Geographic Information Retrieval

an applied research area that combines aspects of DBMS research, User Interface research, GIS research, and Information Retrieval research, ... concerned with indexing, searching, retrieving and browsing of geo-referenced information sources, and the design of systems to accomplish these tasks effectively and efficiently.

Overview

Information retrieval is about computing the degree of relevance between a set of objects, such as web pages, and the search parameters, e.g., keywords, specified by the user. Geographic Information Retrieval (GIR) adds space and sometimes time as dimensions to the classical retrieval problem.

For instance, a query for “pubs in the historic center of Munster” requires a thematic and a spatial matching between the data and the user’s query. GIR considers the following steps:

  • The geographic references have to be recognized and extracted from the user’s query or a document using methods such as named entity recognition and geo-parsing.
  • Place names are not unique and the GIR system has to decide which interpretation is intended by the user.
  • Geographic references are often vague; typical examples are vernacular names (“historic center”) and fuzzy geographic footprints. In case of the pub query, the GIR system has to select the correct boundaries of the historic center. Fourth, and in contrast to classical IR, documents also have to be indexed according to particular geographic regions.
  • Geographic relevance rankings extend existing relevance measures with a spatial component.

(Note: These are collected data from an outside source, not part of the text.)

(* Let $S$ be a (non-empty) right zero semigroup. Then $T=\begin{pmatrix}\ell^{1}(S)&\ell^{1}(S)\\0&\ell^{1}(S)\end{pmatrix}$ is not approximately biprojective.
   Context: A right zero semigroup is a semigroup with $st=t$ for all $s,t\in S$. For a Banach algebra $A$, $T=\begin{pmatrix}A&A\\0&A\end{pmatrix}$ is the algebra of upper triangular matrices with entries in $A$, matrix operations and norm $\|a\|+\|x\|+\|b\|$. A Banach algebra $B$ is approximately biprojective if there is a net $(\rho_\alpha)$ of continuous $B$-bimodule morphisms $B\to B\otimes_pB$ with $\pi_B\circ\rho_\alpha(b)\to b$ for all $b$, where $\pi_B(b\otimes c)=bc$. *)

theory Defs
  imports "HOL-Analysis.Analysis"
begin

definition right_zero_semigroup :: "('a \<Rightarrow> 'a \<Rightarrow> 'a) \<Rightarrow> bool" where
  "right_zero_semigroup m \<longleftrightarrow> (\<forall>s t u. m (m s t) u = m s (m t u)) \<and> (\<forall>s t. m s t = t)"

definition l1 :: "('x \<Rightarrow> complex) set" where
  "l1 = {f. (\<lambda>x. norm (f x)) summable_on UNIV}"

definition l1norm :: "('x \<Rightarrow> complex) \<Rightarrow> real" where
  "l1norm f = (\<Sum>\<^sub>\<infinity>x. norm (f x))"

text \<open>Convolution product of l1(S) for a semigroup (S,m): delta_s * delta_t = delta_(m s t).\<close>
definition conv :: "('a \<Rightarrow> 'a \<Rightarrow> 'a) \<Rightarrow> ('a \<Rightarrow> complex) \<Rightarrow> ('a \<Rightarrow> complex) \<Rightarrow> 'a \<Rightarrow> complex" where
  "conv m f g w = (\<Sum>\<^sub>\<infinity>(s,t)\<in>{(s,t). m s t = w}. f s * g t)"

text \<open>An element of
  T = [[l1(S), l1(S)],[0, l1(S)]] is a function u :: pos \<times> 'a \<Rightarrow> complex, with entries
  a = u(P11,-), x = u(P12,-), b = u(P22,-); its norm ||a||+||x||+||b|| is l1norm u.\<close>
datatype pos = P11 | P12 | P22

definition entry :: "('a \<times> 'b \<Rightarrow> complex) \<Rightarrow> 'a \<Rightarrow> 'b \<Rightarrow> complex" where
  "entry u i = (\<lambda>s. u (i, s))"

definition tmult :: "('a \<Rightarrow> 'a \<Rightarrow> 'a) \<Rightarrow> (pos \<times> 'a \<Rightarrow> complex) \<Rightarrow> (pos \<times> 'a \<Rightarrow> complex)
    \<Rightarrow> pos \<times> 'a \<Rightarrow> complex" where
  "tmult m u v = (\<lambda>(i, w). case i of
      P11 \<Rightarrow> conv m (entry u P11) (entry v P11) w
    | P12 \<Rightarrow> conv m (entry u P11) (entry v P12) w + conv m (entry u P12) (entry v P22) w
    | P22 \<Rightarrow> conv m (entry u P22) (entry v P22) w)"

text \<open>Projective tensor product T \<otimes>_p T, realised (via the isometric identification
  l1(X) \<otimes>_p l1(Y) = l1(X \<times> Y), elementary tensor b \<otimes> c = (p,q) \<mapsto> b p * c q)
  as l1((pos \<times> 'a) \<times> (pos \<times> 'a)). Its T-bimodule actions a.(b\<otimes>c) = ab\<otimes>c and
  (b\<otimes>c).a = b\<otimes>ca, and the product map \<pi>(b\<otimes>c) = bc.\<close>
definition tens_lmult :: "('a \<Rightarrow> 'a \<Rightarrow> 'a) \<Rightarrow> (pos \<times> 'a \<Rightarrow> complex)
    \<Rightarrow> ((pos \<times> 'a) \<times> (pos \<times> 'a) \<Rightarrow> complex) \<Rightarrow> (pos \<times> 'a) \<times> (pos \<times> 'a) \<Rightarrow> complex" where
  "tens_lmult m a F = (\<lambda>(p, q). tmult m a (\<lambda>p'. F (p', q)) p)"

definition tens_rmult :: "('a \<Rightarrow> 'a \<Rightarrow> 'a) \<Rightarrow> ((pos \<times> 'a) \<times> (pos \<times> 'a) \<Rightarrow> complex)
    \<Rightarrow> (pos \<times> 'a \<Rightarrow> complex) \<Rightarrow> (pos \<times> 'a) \<times> (pos \<times> 'a) \<Rightarrow> complex" where
  "tens_rmult m F a = (\<lambda>(p, q). tmult m (\<lambda>q'. F (p, q')) a q)"

definition delta :: "'x \<Rightarrow> 'x \<Rightarrow> complex" where
  "delta p = (\<lambda>x. if x = p then 1 else 0)"

definition tens_pi :: "('a \<Rightarrow> 'a \<Rightarrow> 'a) \<Rightarrow> ((pos \<times> 'a) \<times> (pos \<times> 'a) \<Rightarrow> complex)
    \<Rightarrow> pos \<times> 'a \<Rightarrow> complex" where
  "tens_pi m F = (\<lambda>r. \<Sum>\<^sub>\<infinity>(p, q). F (p, q) * tmult m (delta p) (delta q) r)"

definition bimod_mor :: "('a \<Rightarrow> 'a \<Rightarrow> 'a)
    \<Rightarrow> ((pos \<times> 'a \<Rightarrow> complex) \<Rightarrow> ((pos \<times> 'a) \<times> (pos \<times> 'a) \<Rightarrow> complex)) \<Rightarrow> bool" where
  "bimod_mor m \<rho> \<longleftrightarrow>
     (\<forall>u\<in>l1. \<rho> u \<in> l1)
   \<and> (\<forall>u\<in>l1. \<forall>v\<in>l1. \<rho> (\<lambda>x. u x + v x) = (\<lambda>y. \<rho> u y + \<rho> v y))
   \<and> (\<forall>u\<in>l1. \<forall>c::complex. \<rho> (\<lambda>x. c * u x) = (\<lambda>y. c * \<rho> u y))
   \<and> (\<exists>C. \<forall>u\<in>l1. l1norm (\<rho> u) \<le> C * l1norm u)
   \<and> (\<forall>a\<in>l1. \<forall>u\<in>l1. \<rho> (tmult m a u) = tens_lmult m a (\<rho> u)
                    \<and> \<rho> (tmult m u a) = tens_rmult m (\<rho> u) a)"

definition approx_biprojective :: "('a \<Rightarrow> 'a \<Rightarrow> 'a) \<Rightarrow> 'i itself \<Rightarrow> bool" where
  "approx_biprojective m (_ :: 'i itself) \<longleftrightarrow>
    (\<exists>(I :: 'i set) (le :: 'i \<Rightarrow> 'i \<Rightarrow> bool) \<rho>.
        I \<noteq> {}
      \<and> (\<forall>\<alpha>\<in>I. le \<alpha> \<alpha>)
      \<and> (\<forall>\<alpha>\<in>I. \<forall>\<beta>\<in>I. \<forall>\<gamma>\<in>I. le \<alpha> \<beta> \<longrightarrow> le \<beta> \<gamma> \<longrightarrow> le \<alpha> \<gamma>)
      \<and> (\<forall>\<alpha>\<in>I. \<forall>\<beta>\<in>I. \<exists>\<gamma>\<in>I. le \<alpha> \<gamma> \<and> le \<beta> \<gamma>)
      \<and> (\<forall>\<alpha>\<in>I. bimod_mor m (\<rho> \<alpha>))
      \<and> (\<forall>b\<in>l1. \<forall>\<epsilon>>0. \<exists>\<alpha>\<^sub>0\<in>I. \<forall>\<alpha>\<in>I. le \<alpha>\<^sub>0 \<alpha> \<longrightarrow>
            l1norm (\<lambda>x. tens_pi m (\<rho> \<alpha> b) x - b x) < \<epsilon>))"

end

theory Submission
  imports Defs
begin

text \<open>In a right zero semigroup the convolution degenerates to f * g = (\<Sum>f) g, so the
  point masses E11, E12, E22 of T at a fixed s0 multiply like matrix units. For a
  T-bimodule morphism \<rho> with Y = \<rho>(E11), the identities E11 E12 = E12 = E12 E22 give
  Y.E12 = E12.\<rho>(E22); comparing the coefficients at ((1,1,s),(1,2,s0)) shows that every row
  sum of the (1,1)-(1,1) block of Y vanishes. Hence the functional \<psi>(u) = \<Sum>w. u(1,1,w),
  of norm at most 1, kills \<pi>(Y) while \<psi>(E11) = 1, so \<parallel>\<pi>(\<rho>(E11)) - E11\<parallel> \<ge> 1 for every
  \<rho>, and no net of bimodule morphisms can be an approximate right inverse of \<pi>.\<close>

lemma conv_right_zero:
  assumes rz: "\<And>s t. m s t = t"
  shows "conv m f g w = (\<Sum>\<^sub>\<infinity>s. f s) * g w"
proof -
  have fiber: "{(s,t). m s t = w} = (\<lambda>s. (s,w)) ` UNIV" using rz by auto
  have "conv m f g w = (\<Sum>\<^sub>\<infinity>(s,t)\<in>(\<lambda>s. (s,w)) ` UNIV. f s * g t)"
    unfolding conv_def fiber ..
  also have "\<dots> = (\<Sum>\<^sub>\<infinity>s. f s * g w)"
    by (subst infsum_reindex) (auto simp: inj_on_def o_def)
  also have "\<dots> = (\<Sum>\<^sub>\<infinity>s. f s) * g w" by (rule infsum_cmult_left')
  finally show ?thesis .
qed

lemma has_sum_single_support:
  fixes f :: "'x \<Rightarrow> 'b::{comm_monoid_add,topological_space}"
  assumes "\<And>x. x \<noteq> a \<Longrightarrow> f x = 0"
  shows "(f has_sum f a) UNIV"
proof -
  have "(f has_sum f a) {a}" using has_sum_finite[of "{a}" f] by simp
  then show ?thesis using has_sum_cong_neutral[of "{a}" UNIV f f "f a"] assms by auto
qed

lemma infsum_delta: "(\<Sum>\<^sub>\<infinity>x. delta a x) = 1"
  using has_sum_single_support[where f="delta a" and a=a] by (simp add: delta_def infsumI)

lemma delta_in_l1: "delta a \<in> l1"
  using has_sum_single_support[where f="\<lambda>x. norm (delta a x)" and a=a]
  unfolding l1_def summable_on_def by (auto simp: delta_def)

lemma
  fixes f g :: "'x \<Rightarrow> 'b::{topological_ab_group_add, t2_space}"
  assumes "f summable_on A" "g summable_on A"
  shows summable_on_diff: "(\<lambda>x. f x - g x) summable_on A"
    and infsum_diff: "(\<Sum>\<^sub>\<infinity>x\<in>A. f x - g x) = infsum f A - infsum g A"
proof -
  have minus_g: "(\<lambda>x. - g x) summable_on A" using assms(2) by (simp add: summable_on_uminus)
  show "(\<lambda>x. f x - g x) summable_on A"
    using summable_on_add[OF assms(1) minus_g] by simp
  show "(\<Sum>\<^sub>\<infinity>x\<in>A. f x - g x) = infsum f A - infsum g A"
    using infsum_add[OF assms(1) minus_g] by (simp add: infsum_uminus)
qed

The ranking of instances does not only depend on thematic aspects, e.g., the pubs, but also on their location, e.g., their distance to the historic center of Munster.

Toponym Sources

Placename Ambiguity

Ambiguity in placenames comes in one of three forms:

  • Structural ambiguity such as North Dakota - is North part of the name?
  • Semantic ambiguity such as Washington - is it referring to the person or the place?
  • Referent ambiguity such as Cambridge - is it Cambridge UK, Cambridge ON, or Cambridge MA?

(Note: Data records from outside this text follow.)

lemma (in field) pow_card_minus_one:
  assumes "finite (carrier R)" "x \<in> carrier R" "x \<noteq> \<zero>"
  shows "x [^] (card (carrier R) - 1) = \<one>"
proof -
  interpret G: group "Multiplicative_Group.mult_of R" by (rule field_mult_group)
  have "x [^]\<^bsub>Multiplicative_Group.mult_of R\<^esub> order (Multiplicative_Group.mult_of R) =
      \<one>\<^bsub>Multiplicative_Group.mult_of R\<^esub>"
    using assms by (intro G.pow_order_eq_1) simp
  then show ?thesis
    using order_mult_of[OF assms(1)] by (simp add: Multiplicative_Group.nat_pow_mult_of order_def)
qed

lemma (in field) pow_multiple_of_card_minus_one:
  assumes "finite (carrier R)" "(card (carrier R) - 1) dvd m" "0 < m" "x \<in> carrier R"
  shows "x [^] m = (if x = \<zero> then \<zero> else \<one>)"
proof (cases "x = \<zero>")
  case False
  obtain k where "m = (card (carrier R) - 1) * k" using assms(2) by blast
  then show ?thesis
    using False assms pow_card_minus_one[OF assms(1,4)] by (simp add: nat_pow_pow[symmetric])
qed (use assms(3) in \<open>simp add: nat_pow_zero\<close>)

lemma (in field) card_roots_of_unity_le_gcd:
  assumes "finite (carrier R)" "0 < m"
  shows "card {x \<in> carrier R. x [^] (m::nat) = \<one>} \<le> gcd m (card (carrier R) - 1)"
proof -
  interpret G: group "Multiplicative_Group.mult_of R" by (rule field_mult_group)
  let ?d = "gcd m (card (carrier R) - 1)"
  have "x [^] ?d = \<one>" if "x \<in> carrier R" "x [^] m = \<one>" for x
  proof -
    have "x \<noteq> \<zero>" using that assms(2) by (metis nat_pow_zero not_gr0 zero_not_one)
    then have x: "x \<in> carrier (Multiplicative_Group.mult_of R)" using that(1) by simp
    have "G.ord x dvd m" "G.ord x dvd card (carrier R) - 1"
      using that \<open>x \<noteq> \<zero>\<close> pow_card_minus_one[OF assms(1) that(1)]
      by (simp_all add: G.pow_eq_id[OF x, symmetric] Multiplicative_Group.nat_pow_mult_of)
    then show ?thesis using G.pow_eq_id[OF x] by (simp add: Multiplicative_Group.nat_pow_mult_of)
  qed
  then have "card {x \<in> carrier R. x [^] m = \<one>} \<le> card {x \<in> carrier R. x [^] ?d = \<one>}"
    using assms(1) by (intro card_mono) auto
  also have "\<dots> \<le> ?d" using assms by (intro num_roots_le_deg) auto
  finally show ?thesis .
qed

lemma (in field) carrier_subset_roots_of_unity_shift:
  assumes "torsion_clean_with R m"
  shows "carrier R \<subseteq> {x \<in> carrier R. x [^] m = \<one>} \<union> (\<lambda>x. x \<oplus> \<one>) ` {x \<in> carrier R. x [^] m = \<one>}"
proof
  fix r assume "r \<in> carrier R"
  then obtain e u where eu: "e \<in> carrier R" "e \<otimes> e = e" "u \<in> Units R" "u [^] m = \<one>" "r = e \<oplus> u"
    using assms unfolding torsion_clean_with_def by blast
  then have "u \<in> carrier R" by blast
  with eu idempotent_eq_zero_or_one[OF eu(1,2)]
  show "r \<in> {x \<in> carrier R. x [^] m = \<one>} \<union> (\<lambda>x. x \<oplus> \<one>) ` {x \<in> carrier R. x [^] m = \<one>}"
    by (auto simp: add.m_comm)
qed

lemma (in field) finite_and_card_minus_one_dvd_if_torsion_clean:
  assumes "0 < m" "torsion_clean_with R m"
  shows "finite (carrier R) \<and> (card (carrier R) - 1) dvd m"
proof -
  define H where "H = {x \<in> carrier R. x [^] m = \<one>}"
  have cover: "carrier R \<subseteq> H \<union> (\<lambda>x. x \<oplus> \<one>) ` H"
    unfolding H_def by (rule carrier_subset_roots_of_unity_shift[OF assms(2)])
  have "finite H" unfolding H_def by (rule finite_roots_of_unity[OF assms(1)])
  then have fin: "finite (carrier R)" using cover finite_subset by blast
  have "card (carrier R) \<le> card (H \<union> (\<lambda>x. x \<oplus> \<one>) ` H)"
    using cover \<open>finite H\<close> by (intro card_mono) auto
  also have "\<dots> \<le> 2 * card H"
    using card_Un_le[of H "(\<lambda>x. x \<oplus> \<one>) ` H"] card_image_le[OF \<open>finite H\<close>, of "\<lambda>x. x \<oplus> \<one>"]
    by linarith
  also have "\<dots> \<le> 2 * gcd m (card (carrier R) - 1)"
    unfolding H_def using card_roots_of_unity_le_gcd[OF fin assms(1)] by simp
  finally have "card (carrier R) - 1 < 2 * gcd m (card (carrier R) - 1)"
    using two_le_card_carrier[OF fin] by linarith
  then show ?thesis using fin two_le_card_carrier[OF fin] by (simp add: dvd_if_less_twice_gcd)
qed

lemma (in field) one_minus_pow_idempotent:
  assumes "finite (carrier R)" "(card (carrier R) - 1) dvd m" "0 < m" "x \<in> carrier R"
  shows "(\<one> \<ominus> x [^] m) \<otimes> (\<one> \<ominus> x [^] m) = \<one> \<ominus> x [^] m"
  using pow_multiple_of_card_minus_one[OF assms] by (simp add: minus_eq r_neg)

lemma (in field) pow_minus_one_minus_pow:
  assumes "finite (carrier R)" "(card (carrier R) - 1) dvd m" "0 < m" "x \<in> carrier R"
  shows "(x \<ominus> (\<one> \<ominus> x [^] m)) [^] m = \<one>"
proof (cases "x = \<zero>")
  case True
  have "\<ominus> \<one> \<noteq> \<zero>" by (metis add.inv_eq_1_iff one_closed zero_not_one)
  then show ?thesis
    using True pow_multiple_of_card_minus_one[OF assms(1-3), of "\<ominus> \<one>"]
      pow_multiple_of_card_minus_one[OF assms] by (simp add: minus_eq)
next
  case False
  then show ?thesis
    using pow_multiple_of_card_minus_one[OF assms] assms(4) by (simp add: minus_eq r_neg)
qed

lemma (in ring) torsion_clean_withI:
  assumes "0 < m"
    and "\<And>x. x \<in> carrier R \<Longrightarrow>
      (\<one> \<ominus> x [^] m) \<otimes> (\<one> \<ominus> x [^] m) = \<one> \<ominus> x [^] m \<and> (x \<ominus> (\<one> \<ominus> x [^] m)) [^] m = \<one>"
  shows "torsion_clean_with R m"
  unfolding torsion_clean_with_def
proof
  fix x assume x: "x \<in> carrier R"
  define e where "e = \<one> \<ominus> x [^] m"
  define u where "u = x \<ominus> e"
  have e: "e \<in> carrier R" and u: "u \<in> carrier R" unfolding e_def u_def using x by simp_all
  have "e \<otimes> e = e" "u [^] m = \<one>" using assms(2)[OF x] unfolding e_def u_def by simp_all
  moreover have "u \<in> Units R"
  proof -
    obtain k where "m = Suc k" using assms(1) gr0_implies_Suc by blast
    then have "u [^] k \<otimes> u = \<one>" "u \<otimes> u [^] k = \<one>"
      using \<open>u [^] m = \<one>\<close> u by (simp_all add: nat_pow_Suc2[symmetric])
    then show ?thesis unfolding Units_def using u by auto
  qed
  moreover have "x = e \<oplus> u"
    unfolding u_def using x e by (simp add: minus_eq add.m_lcomm[of e x] r_neg)
  ultimately show "\<exists>e u. e \<in> carrier R \<and> e \<otimes> e = e \<and> u \<in> Units R \<and> u [^] m = \<one> \<and> x = e \<oplus> u"
    using e by blast
qed

lemma (in field) torsion_clean_with_iff:
  assumes "0 < m"
  shows "torsion_clean_with R m \<longleftrightarrow> finite (carrier R) \<and> (card (carrier R) - 1) dvd m"
  using finite_and_card_minus_one_dvd_if_torsion_clean[OF assms]
    torsion_clean_withI[OF assms] one_minus_pow_idempotent pow_minus_one_minus_pow assms
  by blast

The two most common approaches to disambiguation are rule-based (or knowledge driven) and data-driven (or corpus driven).

Rule-Based Methods

The following three methods have been used:

  • Build a special gazetteer where there is only a single location for a particular placename, i.e. only one Washington or Cambridge, etc.. The location having been selected using various criteria, including: size, population and relative importance.
  • Define the geographic scope of the document, for example, if the document is talking about Cambridge and Boston, then the two cities in Massachusetts are likely the locations as they are closer (6km) to each other than Boston and Cambridge UK (112km).
  • Look at the contextual information in the 2-5 words preceeding and following a placename. Contextual information can provide the type of geographic location being referred to or imply a relationship to another location. For example, London Ontario, Orange County or the City of London.

Data-Driven Methods

The data-driven methods of disambiguation generally apply standard machine learning methods to solve the problem of matching placenames to locations. However, a large enough corpus, that is annotated, does not exist in the public domain to apply supervised methods to free text.

Geographic Indexing

The representation and storage of geographic data is an integral part of GIR. There are a number of approaches to indexing spatial data:

  • k-d-tree
  • Quad-tree
  • R-tree
  • Quaternary Triangular Mesh
  • Hierarchical Spatial Data Structure
  • Voronoi Tessalations
  • Geohash
  • Plus Codes

    A Plus Code (aka Open Location Code) represents an area, and the size of the area depends on the code length. The longer the code, the smaller and more accurate the area. Truncating a Plus Code increases the area and contains the original location; the codes are based on a simple encoding of latitude and longitude. For a more detailed description see What are Plus Codes?.

  • C-Squares

    C-squares is built on the principle that the surface of the earth can be divided up into a grid of labeled squares (individual “c-squares”), at one of a range of scales, and that any type of dataset spatial extent can then be represented as a coded list of those squares in which the data occur.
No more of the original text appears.